Kesepakatan tersebut dituangkan dalam Nota Kesepakatan yang ditandatangani Wali Kota Surabaya Eri Cahyadi bersama pimpinan DPRD Surabaya. Penandatanganan dilakukan dalam Rapat Paripurna Persetujuan Bersama di Gedung DPRD Surabaya, Jumat, 14 Agustus 2026.
Dalam rancangan tersebut, APBD Surabaya 2027 diproyeksikan berada di angka sekitar Rp15 triliun. Eri mengatakan, besaran itu masih bergantung pada kepastian Transfer ke Daerah (TKD) dan Dana Bagi Hasil (DBH) dari pemerintah pusat.
"Jadi kita masih merencanakan dengan kembalinya TKD, termasuk dengan Dana Bagi Hasil yang akan diturunkan tahun ini. Jadi kita menghitung dengan tahun yang ini, sekaligus dengan perhitungan sebelumnya, maka kita sekitar Rp15 T-an," ujar Eri usai rapat paripurna.
Dari proyeksi tersebut, Pemkot Surabaya akan memusatkan belanja pada sejumlah kebutuhan yang dianggap mendesak. Selain genangan, pengaspalan jalan dan Penerangan Jalan Umum (PJU) juga masuk dalam daftar prioritas.
“Jadi 2027 terkait pengaspalan jalan. Yang kedua terkait penerangan jalan umum. Yang ketiga, (penanganan) genangan air. Jadi prioritas kita itu, maka kita lakukan hal itu,” katanya.
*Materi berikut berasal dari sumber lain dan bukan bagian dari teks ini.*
lemma fmap_tcomb: "Poly_Mapping.map (fmap j) (tcomb X Y) = lift_coeffs (4 * j) X * Y"
proof -
  have map_fmap: "additive (Poly_Mapping.map (fmap j) :: (mono \<Rightarrow>\<^sub>0 (mono \<times> mono) vec) \<Rightarrow> _)"
    by (rule map_additive[OF fmap_additive])
  have "Poly_Mapping.map (fmap j) (tcomb X Y) = (\<Sum>a\<in>ks X. \<Sum>b\<in>ks Y.
      Poly_Mapping.map (fmap j) (sg (a + b) (tensor (lk X a) (lk Y b))))"
    unfolding tcomb_def by (simp add: additive_sum[OF map_fmap])
  also have "\<dots> = (\<Sum>a\<in>ks X. \<Sum>b\<in>ks Y. sg a (lift_vec (4 * j) (lk X a)) * sg b (lk Y b))"
    by (simp add: fmap_tensor mult_single)
  also have "\<dots> = (\<Sum>a\<in>ks X. sg a (lift_vec (4 * j) (lk X a))) * (\<Sum>b\<in>ks Y. sg b (lk Y b))"
    by (simp add: sum_product)
  also have "\<dots> = lift_coeffs (4 * j) X * Y"
    by (simp add: lift_coeffs_def map_expand additive_zero[OF lift_vec_additive]
        poly_mapping_expand[of Y, symmetric])
  finally show ?thesis .
qed

lemma fmap_comodule_basis:
  assumes "AA1mon m" "weight m \<le> 4 * j"
  shows "psi2 (fmap j (sg (m, n) 1)) = Poly_Mapping.map (fmap j) (psiT (sg (m, n) 1))"
proof -
  have "psi2 (fmap j (sg (m, n) 1)) = truncA2 (Delta_mono (lift (4 * j) m) * Delta_mono n)"
    by (simp add: fmap_single fmono_def psi2_def Delta_def Delta_mono_add)
  also have "\<dots> = truncA2 (lift_coeffs (4 * j) (Delta_mono m) * Delta_mono n)"
    by (rule trunc_mult_cong[OF trunc_Delta_lift[OF assms]]) simp
  also have "\<dots> = truncA2 (Poly_Mapping.map (fmap j) (tcomb (Delta_mono m) (Delta_mono n)))"
    by (simp add: fmap_tcomb)
  also have "\<dots> = Poly_Mapping.map (fmap j) (psiT (sg (m, n) 1))"
    by (simp add: trunc_map psiT_def Delta_tens_def)
  finally show ?thesis .
qed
Eri menjelaskan, pemerintah tidak akan menyebar anggaran ke seluruh persoalan secara bersamaan. Penentuan skala prioritas dinilai penting agar intervensi pembangunan dapat memberikan hasil yang lebih terukur.
“Maka yang satu genangan, yang kedua adalah pengaspalan jalan. Setelah itu baru titik yang (lainnya) berjalan,” ujarnya.
Untuk persoalan genangan, sekitar 200 titik diperkirakan menjadi sasaran intervensi pada 2027. Angka tersebut merupakan bagian dari lebih dari 450 titik yang masih menjadi perhatian Pemkot Surabaya.
“Kita itu ada penurunan ada sekitar 200 titik. 200 titik itu tempat genangan air, tapi kalau ngomong (bicara) titiknya, lebih dari 450,” kata Eri.
Ia menyebut jumlah titik genangan di Surabaya terus berkurang dibandingkan kondisi sebelumnya. Dari yang sempat mencapai sekitar 700 titik, kini jumlahnya turun menjadi sekitar 400 titik.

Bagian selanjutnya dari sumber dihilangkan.